И в самом деле на глазах его выступили слезы…
И долго проговорили они об ушедшем в смерть Мессии, и всем в этот вечер казалось, что он, в самом деле, воскрес — по крайней мере для них, на эти вот тихие, умилённые вечерние часы… Но Миррена чувствовала какую-то странную неудовлетворённость. Не нравилось ей, что вот они спорят как-то, рассуждают — ей было больше любо твёрдое слово старых пресвитеров, которые говорили от имени Господа, которые как будто не знали никаких колебаний и за которыми было так хорошо прятаться от жизни с её загадками. Но радовало её то, что Язон так хорошо говорил о Христе: в этом она видела залог его скорого обращения. И сладкая надежда, что она уже косвенно поспособствовала спасению души любимого человека, смягчала её огорчение, что пока он все-таки только поганый, погибший язычник…
LI. КОНЕЦ МНЕФА
Тигеллин осторожно сообщил Аннею Серенусу — он старался потихоньку делать одолжения всем, чтобы, в случае каких перемен, иметь людей обязанных повсюду, — что Эпихарида на допросе решительно ничего не сказала, держала себя с чрезвычайной дерзостью и что возможно, что её подвергнут пытке. Анней похолодел.
— Конечно, я могу дело с пыткой немножко затянуть, — осторожно добавил Тигеллин. — Но ты сам понимаешь, что и немножко теперь много: каждый день можно ждать перемен. Но все же надо тебе… поторапливаться: божественный цезарь легко может вспомнить о ней и тогда…

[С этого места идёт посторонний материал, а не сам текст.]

lemma sum_share: "2 \<le> m \<Longrightarrow> (\<Sum>j\<in>{1..<m}. share_left j + share_right m j) = m - 2"
proof -
  assume m: "2 \<le> m"
  have "(\<Sum>j\<in>{1..<m}. share_left j) = (\<Sum>j\<in>{2..<m}. share_left j)"
  proof -
    have "{1..<m} = insert 1 {2..<m}" using m by auto
    then show ?thesis by (simp add: share_left_def)
  qed
  moreover have "(\<Sum>j\<in>{1..<m}. share_right m j) = (\<Sum>j\<in>{2..<m}. share_right m (j - 1))"
    using sum_shift_last[OF m, of "share_right m"] by (simp add: share_right_def)
  ultimately have "(\<Sum>j\<in>{1..<m}. share_left j + share_right m j)
      = (\<Sum>j\<in>{2..<m}. share_right m (j - 1) + share_left j)"
    by (simp add: sum.distrib add.commute)
  also have "\<dots> = (\<Sum>j\<in>{2..<m}. 1)" using share_hub by (intro sum.cong) auto
  finally show ?thesis by simp
qed

lemma sum_even_indicator: "(\<Sum>j\<in>{1..<M}. if even j then 1 else 0 :: nat) = (M - 1) div 2"
proof (induction M)
  case (Suc M)
  then show ?case by (cases "M = 0") (auto elim!: evenE oddE)
qed simp

lemma sum_share_div_2: "2 \<le> m \<Longrightarrow> (\<Sum>j\<in>{1..<m}. (share_left j + share_right m j) div 2) = (m - 2) div 2"
proof -
  assume m: "2 \<le> m"
  have "(\<Sum>j\<in>{1..<m}. (share_left j + share_right m j) div 2)
      = (\<Sum>j\<in>{1..<m - 1}. if even j then 1 else 0)"
  proof -
    have "{1..<m} = insert (m - 1) {1..<m - 1}" using m by auto
    then show ?thesis by (simp add: share_left_def share_right_def)
  qed
  also have "\<dots> = (m - 2) div 2" using sum_even_indicator[of "m - 1"] by simp
  finally show ?thesis .
qed

lemma extremal_dsize:
  assumes n: "3 \<le> n" and m: "3 \<le> m"
  shows "int (dsize n m (extremal n m)) = alpha n m"
proof -
  define c where "c j = share_left j + share_right m j" for j
  have shares: "share_left j \<le> 1" "share_right m j \<le> 1" for j
    by (simp_all add: share_left_def share_right_def)
  have "dsize n m (extremal n m)
      = (\<Sum>j\<in>{1..<m}. extremal n m (V (j * n)) + (\<Sum>q\<in>{1..<n}. extremal n m (V (j * n + q))))"
    using n m by (intro dsize_eq_segments) (simp_all add: extremal_def)
  also have "\<dots> = (\<Sum>j\<in>{1..<m}. fC_lin n (c j))"
  proof (rule sum.cong)
    fix j assume j: "j \<in> {1..<m}"
    have "(\<Sum>q\<in>{1..<n}. extremal n m (V (j * n + q)))
        = (\<Sum>q\<in>{1..<n}. peak (n + share_left j + share_right m j) (share_left j) q)"
      using j by (intro sum.cong) (simp_all add: extremal_segment)
    also have "\<dots> = fC (n + c j) - 1"
      using peak_props(1)[OF n shares(1)[of j] shares(2)[of j]] unfolding c_def add.assoc by linarith
    also have "\<dots> = fC_lin n (c j)" using n shares[of j] by (simp add: fC_lin_eq c_def)
    finally show "extremal n m (V (j * n)) + (\<Sum>q\<in>{1..<n}. extremal n m (V (j * n + q))) = fC_lin n (c j)"
      by (simp add: extremal_hub)
  qed simp
  also have "\<dots> = (m - 1) * (fC n - 1) + (fC (n + 1) - fC n) * (\<Sum>j\<in>{1..<m}. c j)
      + ((fC (n + 2) - fC (n + 1)) - (fC (n + 1) - fC n)) * (\<Sum>j\<in>{1..<m}. c j div 2)"
    unfolding fC_lin_def sum_distrib_left by (simp only: sum.distrib) simp
  also have "\<dots> = (m - 1) * (fC n - 1) + (fC (n + 1) - fC n) * (m - 2)
      + ((fC (n + 2) - fC (n + 1)) - (fC (n + 1) - fC n)) * ((m - 2) div 2)"
    using sum_share[of m] sum_share_div_2[of m] m by (simp add: c_def)
  finally show ?thesis using alpha_eq_sum[OF _ m] n by simp
qed

text \<open>For \<open>n = 2\<close> the inner paths are single vertices, and the extremal distribution
  instead puts one pebble on every vertex from \<open>v\<^sub>3\<close> on, hubs included.\<close>

definition extremal_2 :: "nat \<Rightarrow> jvert \<Rightarrow> nat" where
  "extremal_2 m x = (case x of U \<Rightarrow> 0 | V i \<Rightarrow> (if 2 < i \<and> i < 2 * m then 1 else 0))"

lemma extremal_2_locally_stuck: "locally_stuck 2 m (on_cycle (extremal_2 m))"
proof -
  let ?g = "on_cycle (extremal_2 m)"
  have le_1: "?g i \<le> 1" for i by (simp add: on_cycle_def extremal_2_def)
  have "pass_left 2 ?g j = 0" for j
    using le_1[of "j * 2 + 1"] pile_down_step[of "j * 2 + 1" "j * 2 + 2" ?g]
    by (simp add: pass_left_def)
  moreover have "pass_right 2 ?g j = 0" for j
    using le_1[of "j * 2 + 1"] pile_up_Suc[of "j * 2" "j * 2" ?g]
    by (simp add: pass_right_def)
  ultimately show ?thesis unfolding locally_stuck_def using le_1 by simp
qed

lemma extremal_2_dsize:
  assumes m: "3 \<le> m"
  shows "int (dsize 2 m (extremal_2 m)) = alpha 2 m"
proof -
  have "dsize 2 m (extremal_2 m)
      = (\<Sum>j\<in>{1..<m}. extremal_2 m (V (j * 2)) + (\<Sum>q\<in>{1..<2}. extremal_2 m (V (j * 2 + q))))"
    using m by (intro dsize_eq_segments) (simp_all add: extremal_2_def)
  also have "\<dots> = (\<Sum>j\<in>{1..<m}. (if 2 \<le> j then 1 else 0) + 1)"
    by (rule sum.cong) (auto simp: extremal_2_def)
  also have "\<dots> = (m - 2) + (m - 1)"
  proof -
    have "{1..<m} = insert 1 {2..<m}" using m by auto
    then show ?thesis using m by (simp add: sum.distrib)
  qed
  also have "\<dots> = (m - 1) * (fC 2 - 1) + (fC (2 + 1) - fC 2) * (m - 2)
      + ((fC (2 + 2) - fC (2 + 1)) - (fC (2 + 1) - fC 2)) * ((m - 2) div 2)"
    by (simp add: fC_def)
  finally show ?thesis using alpha_eq_sum[OF _ m, of 2] by simp
qed

theorem lemma2p9:
  fixes n m :: nat
  assumes "n \<ge> 2" and "m \<ge> 8"
  shows "(\<forall>D. good_dist n m D \<longrightarrow> int (dsize n m D) \<le> alpha n m)
       \<and> (\<exists>D. good_dist n m D \<and> int (dsize n m D) = alpha n m)"
proof
  have n: "2 \<le> n" and m: "3 \<le> m" using assms by simp_all
  note good_iff = good_dist_iff_locally_stuck[OF n m]
  show "\<forall>D. good_dist n m D \<longrightarrow> int (dsize n m D) \<le> alpha n m"
    using dsize_le_alpha[OF n m] good_iff by blast
  show "\<exists>D. good_dist n m D \<and> int (dsize n m D) = alpha n m"
  proof (cases "n = 2")
    case True
    have "good_dist 2 m (extremal_2 m)"
      using good_iff extremal_2_locally_stuck True
      by (auto simp: is_distribution_def jvertices_def extremal_2_def split: jvert.split)
    then show ?thesis using extremal_2_dsize[OF m] True by blast
  next
    case False
    then have n3: "3 \<le> n" using n by simp
    have "good_dist n m (extremal n m)"
      using good_iff extremal_locally_stuck[OF n3] m
      by (auto simp: is_distribution_def jvertices_def extremal_def split: jvert.split)
    then show ?thesis using extremal_dsize[OF n3 m] by blast
  qed
qed

end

Анней не взвидел света. Ему было совершенно ясно, что спасти милую может только одно: переворот. Дождавшись утра, когда он обыкновенно являлся к Нерону будто бы для доклада, — Нерон решительно ничем, кроме лошадей и музыки, не интересовался — он скрыл под тогой отточенный кинжал и поднялся на Палатин. Он ждал увидеть Нерона, как всегда, в его личных покоях, но к удивлению своему встретил его в вестибюле: император шёл с кем-то вдвоём и озабоченно, по-видимому, разговаривал. Вглядевшись, Анней сразу узнал в собеседнике цезаря египтянина Мнефа, человека, которому он никогда не доверял. Неподалёку от него стояла ещё не совсем оконченная огромная золотая статуя Нерона. Вокруг неё были ещё навалены доски подмостей и всякие материалы. Анней в одно мгновение отступил за гигантскую статую. Сердце его бешено билось…

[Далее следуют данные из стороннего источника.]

lemma aut_fixing_P0_K1_onto:
  assumes "adj K1 X" "X \<noteq> P0"
  obtains \<sigma> where "graph_aut VV adj \<sigma>" "\<sigma> P0 = P0" "\<sigma> K1 = K1" "\<sigma> P2 = X"
proof -
  from adj_in_VV[OF assms(1)] have "X \<in> VV"
    by blast
  then show thesis
  proof (cases rule: vertex_cases)
    case (perp c)
    then show thesis
      using assms not_adj_perp_perp by (simp add: K1_def)
  next
    case (line v)
    have va: "v $ a = 0"
      using assms line adj_perp_line[of v ea] by (simp add: K1_def)
    define v' where "v' = (1 / v $ b) *s v"
    have v'b: "v' $ b = 1" and v'a: "v' $ a = 0"
      using line va by (simp_all add: v'_def)
    have X: "X = line v'"
      unfolding v'_def line_normalize[OF line(1)] by (rule line(2))
    define y where "y = v' - eb"
    have ya: "y $ a = 0" and yb: "y $ b = 0"
      using v'a v'b by (simp_all add: y_def)
    have "y \<noteq> 0"
      using assms(2) X by (auto simp: y_def P0_def)
    \<comment> \<open>a functional \<beta> vanishing at a and b with \<beta>(y) \<noteq> 0, so that the update moves eb + ed to v'\<close>
    then obtain \<beta> where \<beta>: "\<beta> $ d = 1" "dot \<beta> y \<noteq> 0" "\<And>k. \<beta> $ k \<noteq> 0 \<Longrightarrow> k = d \<or> y $ k \<noteq> 0"
      by (rule dot_nonzero_witness[where p = d]) blast
    have \<beta>a: "\<beta> $ a = 0" and \<beta>b: "\<beta> $ b = 0"
      using \<beta>(3) ya yb distinct by blast+
    define u where "u = y - ed"
    have ua: "u $ a = 0" and ub: "u $ b = 0"
      using ya yb by (simp_all add: u_def)
    have nonsingular: "1 + dot \<beta> u \<noteq> 0"
      using \<beta>(1,2) by (simp add: u_def dot_simps)
    define g where "g = rank1_update \<beta> u"
    have "g eb = eb"
      by (simp add: g_def rank1_update_def \<beta>b)
    then have "g ` P0 = P0"
      by (simp add: g_def P0_def image_line_rank1_update)
    moreover have "graph_aut VV adj ((`) g)"
      unfolding g_def by (rule graph_aut_rank1_update[OF nonsingular ub]) (simp add: \<beta>a)
    moreover have "g ` K1 = K1"
      unfolding g_def K1_def
      by (rule image_perp_rank1_update[OF nonsingular, where l = 1]) (simp_all add: dot_rank1_update ua)
    moreover have "g ` P2 = X"
    proof -
      have "g (eb + ed) = v'"
        using \<beta>(1) \<beta>b by (simp add: g_def rank1_update_def dot_simps u_def y_def)
      then show ?thesis
        by (simp add: P2_def g_def image_line_rank1_update X)
    qed
    ultimately show thesis
      using that by blast
  qed
qed

lemma aut_fixing_P0_K1_P2_onto:
  assumes "adj P2 X" "\<not> adj P0 X"
  obtains \<sigma> where "graph_aut VV adj \<sigma>" "\<sigma> P0 = P0" "\<sigma> K1 = K1" "\<sigma> P2 = P2" "\<sigma> K3 = X"
proof -
  from adj_in_VV[OF assms(1)] have "X \<in> VV"
    by blast
  then show thesis
  proof (cases rule: vertex_cases)
    case (line v)
    then show thesis
      using assms not_adj_line_line by (simp add: P2_def)
  next
    case (perp c)
    have cbd: "c $ b + c $ d = 0"
      using assms perp adj_line_perp[of "eb + ed" c] by (simp add: P2_def dot_simps)
    have cb: "c $ b \<noteq> 0"
      using assms perp adj_line_perp[of eb c] by (simp add: P0_def)
    define c' where "c' = (1 / c $ a) *s c"
    define t where "t = c' $ b"
    have "c $ d = - c $ b"
      using cbd by (simp add: eq_neg_iff_add_eq_0 add.commute)
    then have c'a: "c' $ a = 1" and t: "t \<noteq> 0" and c'd: "c' $ d = - t"
      using perp cb by (simp_all add: c'_def t_def)
    have X: "X = perp c'"
      unfolding c'_def perp_normalize[OF perp(1)] by (rule perp(2))
    \<comment> \<open>first rescale the a-coordinate by t, then shear along ed\<close>
    define cm where "cm = ea + t *s eb - t *s ed"
    define g where "g = rank1_update ((t - 1) *s ea) ea"
    have g_nonsingular: "1 + dot ((t - 1) *s ea) ea \<noteq> 0"
      using t by (simp add: dot_simps)
    have g_aut: "graph_aut VV adj ((`) g)"
      unfolding g_def by (rule graph_aut_rank1_update[OF g_nonsingular]) simp_all
    have "g eb = eb" "g (eb + ed) = eb + ed"
      by (simp_all add: g_def rank1_update_def dot_simps)
    then have g_P: "g ` P0 = P0" "g ` P2 = P2"
      by (simp_all add: g_def P0_def P2_def image_line_rank1_update)
    have g_K1: "g ` K1 = K1"
      unfolding K1_def g_def
      by (rule image_perp_rank1_update[OF g_nonsingular, where l = t])
        (simp_all add: t dot_rank1_update dot_simps algebra_simps)
    have g_K3: "g ` K3 = perp cm"
      unfolding K3_def g_def
      by (rule image_perp_rank1_update[OF g_nonsingular, where l = t])
        (simp_all add: t dot_rank1_update dot_simps algebra_simps cm_def)
    define \<psi> where "\<psi> = (1 / t) *s (c' - cm)"
    have \<psi>: "\<psi> $ a = 0" "\<psi> $ b = 0" "\<psi> $ d = 0"
      using c'a c'd by (simp_all add: \<psi>_def t_def cm_def)
    define h where "h = rank1_update \<psi> ed"
    have h_nonsingular: "1 + dot \<psi> ed \<noteq> 0"
      using \<psi> by simp
    have h_aut: "graph_aut VV adj ((`) h)"
      unfolding h_def by (rule graph_aut_rank1_update[OF h_nonsingular]) (simp_all add: \<psi>)
    have "h eb = eb" "h (eb + ed) = eb + ed"
      using \<psi> by (simp_all add: h_def rank1_update_def dot_simps)
    then have h_P: "h ` P0 = P0" "h ` P2 = P2"
      by (simp_all add: h_def P0_def P2_def image_line_rank1_update)
    have h_K1: "h ` K1 = K1"
      unfolding K1_def h_def
      by (rule image_perp_rank1_update[OF h_nonsingular, where l = 1]) (simp_all add: dot_rank1_update)
    have h_K3: "h ` perp cm = perp c'"
      unfolding h_def
    proof (rule image_perp_rank1_update[OF h_nonsingular, where l = 1])
      fix z
      have "dot \<psi> z * t = dot c' z - dot cm z"
        using t by (simp add: \<psi>_def dot_simps field_simps)
      then show "dot c' (rank1_update \<psi> ed z) = 1 * dot cm z"
        by (simp add: dot_rank1_update c'd)
    qed simp
    show thesis
    proof (rule that[of "((`) h) \<circ> ((`) g)"])
      show "graph_aut VV adj (((`) h) \<circ> ((`) g))"
        using graph_aut_comp[OF h_aut g_aut] .
    qed (simp_all add: g_P g_K1 g_K3 h_P h_K1 h_K3 X)
  qed
qed

lemma P4_unique:
  assumes "adj K3 X" "\<And>Y. \<not> (adj P0 Y \<and> adj Y X)"
  shows "X = P4"
proof -
  from adj_in_VV[OF assms(1)] have "X \<in> VV"
    by blast
  then show ?thesis
  proof (cases rule: vertex_cases)
    case (perp c)
    then show ?thesis
      using assms not_adj_perp_perp by (simp add: K3_def)
  next
    case (line v)
    have on_K3: "v $ a + v $ b - v $ d = 0"
      using assms line adj_perp_line[of v "ea + eb - ed"] by (simp add: K3_def dot_simps)
    \<comment> \<open>a nonzero coordinate j \<notin> {a, b} would give a common neighbour of P0 and X\<close>
    have vj: "v $ j = 0" if j: "j \<noteq> a" "j \<noteq> b" for j
    proof (rule ccontr)
      assume vj: "v $ j \<noteq> 0"
      define c where "c = ea - (v $ a / v $ j) *s axis j 1"
      have "(axis j 1 :: 'a^'n) $ a = 0" "(axis j 1 :: 'a^'n) $ b = 0"
        using j by (simp_all add: axis_def)
      then have ca: "c $ a = 1" and cb: "c $ b = 0" and "dot c v = 0"
        using vj by (simp_all add: c_def dot_simps)
      have "adj P0 (perp c)"
        using adj_line_perp[of eb c] ca cb by (simp add: P0_def)
      moreover have "adj (perp c) X"
        using adj_perp_line[of v c] ca line \<open>dot c v = 0\<close> by simp
      ultimately show False
        using assms(2) by blast
    qed
    have "v = v $ b *s (eb - ea)"
      unfolding vec_eq_iff
    proof
      fix i
      show "v $ i = (v $ b *s (eb - ea)) $ i"
        using on_K3 vj[of d] vj[of i] distinct
        by (cases "i = a"; cases "i = b") (auto simp: ea_def eb_def axis_def eq_neg_iff_add_eq_0)
    qed
    then have "line v = P4"
      unfolding P4_def using line_scale[OF line(1)] by metis
    with line show ?thesis
      by simp
  qed
qed

lemma gdist_P0_le_4:
  assumes "X \<in> VV"
  shows "gdist VV adj P0 X \<le> 4"
  using assms
proof (cases rule: vertex_cases)
  case (line v)
  show ?thesis
  proof (cases "\<exists>j. j \<noteq> a \<and> j \<noteq> b \<and> v $ j \<noteq> 0")
    case True
    then obtain j where j: "j \<noteq> a" "j \<noteq> b" "v $ j \<noteq> 0"
      by blast
    define c where "c = ea - (v $ a / v $ j) *s axis j 1"
    have "(axis j 1 :: 'a^'n) $ a = 0" "(axis j 1 :: 'a^'n) $ b = 0"
      using j by (simp_all add: axis_def)
    then have ca: "c $ a = 1" and cb: "c $ b = 0" and "dot c v = 0"
      using j by (simp_all add: c_def dot_simps)
    then have "is_walk VV adj [P0, perp c, X]"
      using adj_line_perp[of eb c] adj_perp_line[of v c] ca cb line adj_in_VV
      by (simp add: P0_def)
    from gdist_le_walk[OF this] show ?thesis
      by simp
  next
    case False
    then have vd: "v $ d = 0"
      using distinct by metis
    define c where "c = ea - (v $ a / v $ b) *s eb + (v $ a / v $ b) *s ed"
    have ca: "c $ a = 1"
      by (simp add: c_def)
    have "adj P0 K1" "adj K1 P2" "adj P2 (perp c)"
      using adj_line_perp[of eb ea] adj_perp_line[of "eb + ed" ea] adj_line_perp[of "eb + ed" c] ca
      by (simp_all add: P0_def K1_def P2_def c_def dot_simps)
    moreover have "dot c v = 0"
      using vd line(1) by (simp add: c_def dot_simps)
    then have "adj (perp c) X"
      using adj_perp_line[of v c] ca line by simp
    ultimately have "is_walk VV adj [P0, K1, P2, perp c, X]"
      using adj_in_VV by simp
    from gdist_le_walk[OF this] show ?thesis
      by simp
  qed
next
  case (perp c)
  show ?thesis
  proof (cases "c $ b = 0")
    case True
    then have "is_walk VV adj [P0, X]"
      using adj_line_perp[of eb c] perp adj_in_VV by (simp add: P0_def)
    from gdist_le_walk[OF this] show ?thesis
      by simp
  next
    case False
    define s where "s = - (c $ b + c $ d) / c $ a"
    define v where "v = eb + s *s ea + ed"
    define c' where "c' = ea - s *s ed"
    have "dot c v = 0"
      using perp(1) by (simp add: v_def s_def dot_simps field_simps)
    then have "adj (line v) X"
      using adj_line_perp[of v c] perp by (simp add: v_def)
    moreover have "adj P0 (perp c')" "adj (perp c') (line v)"
      using adj_line_perp[of eb c'] adj_perp_line[of v c']
      by (simp_all add: P0_def c'_def v_def dot_simps)
    ultimately have "is_walk VV adj [P0, perp c', line v, X]"
      using adj_in_VV by simp
    from gdist_le_walk[OF this] show ?thesis
      by simp
  qed
qed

— …Я служу ему уже немало лет, божественный цезарь, — вкрадчиво говорил Мнеф. — И я посвящён во все дела его. Иоахим тайно сносится с твоими полководцами. К Виндексу в Галлию ездил от его имени я. Так как он боится, что несметные богатства его — они много больше, чем все предполагают, — привлекут твоё внимание, он считает нужным держать наготове полководцев, чтобы в случае надобности отвлечь твоё внимание мятежом, а то и самому укрыться, в случае беды, у них: его «Амфитриду» не догонит не только ни одно из военных судов, но и ни одна либурна[79]. Сносится он и с Гальбой, и с Веспасианом. С Вителлием — не знаю: кажется, зная его пьянство, он не особенно доверяет ему… В довершение всего Язон с ментором его Филетом состоят участниками вредного сообщества тех христиан, которых ты так справедливо, но так недостаточно покарал: это, может быть, самая опасная секта из всех. Повторяю тебе, божественный цезарь: роскошный дворец Иоахима — иудей всем обязан только твоей благосклонности — это гнездо ядовитейших змей, и чем скорее ты их раздавишь, тем лучше будет для империи и для тебя…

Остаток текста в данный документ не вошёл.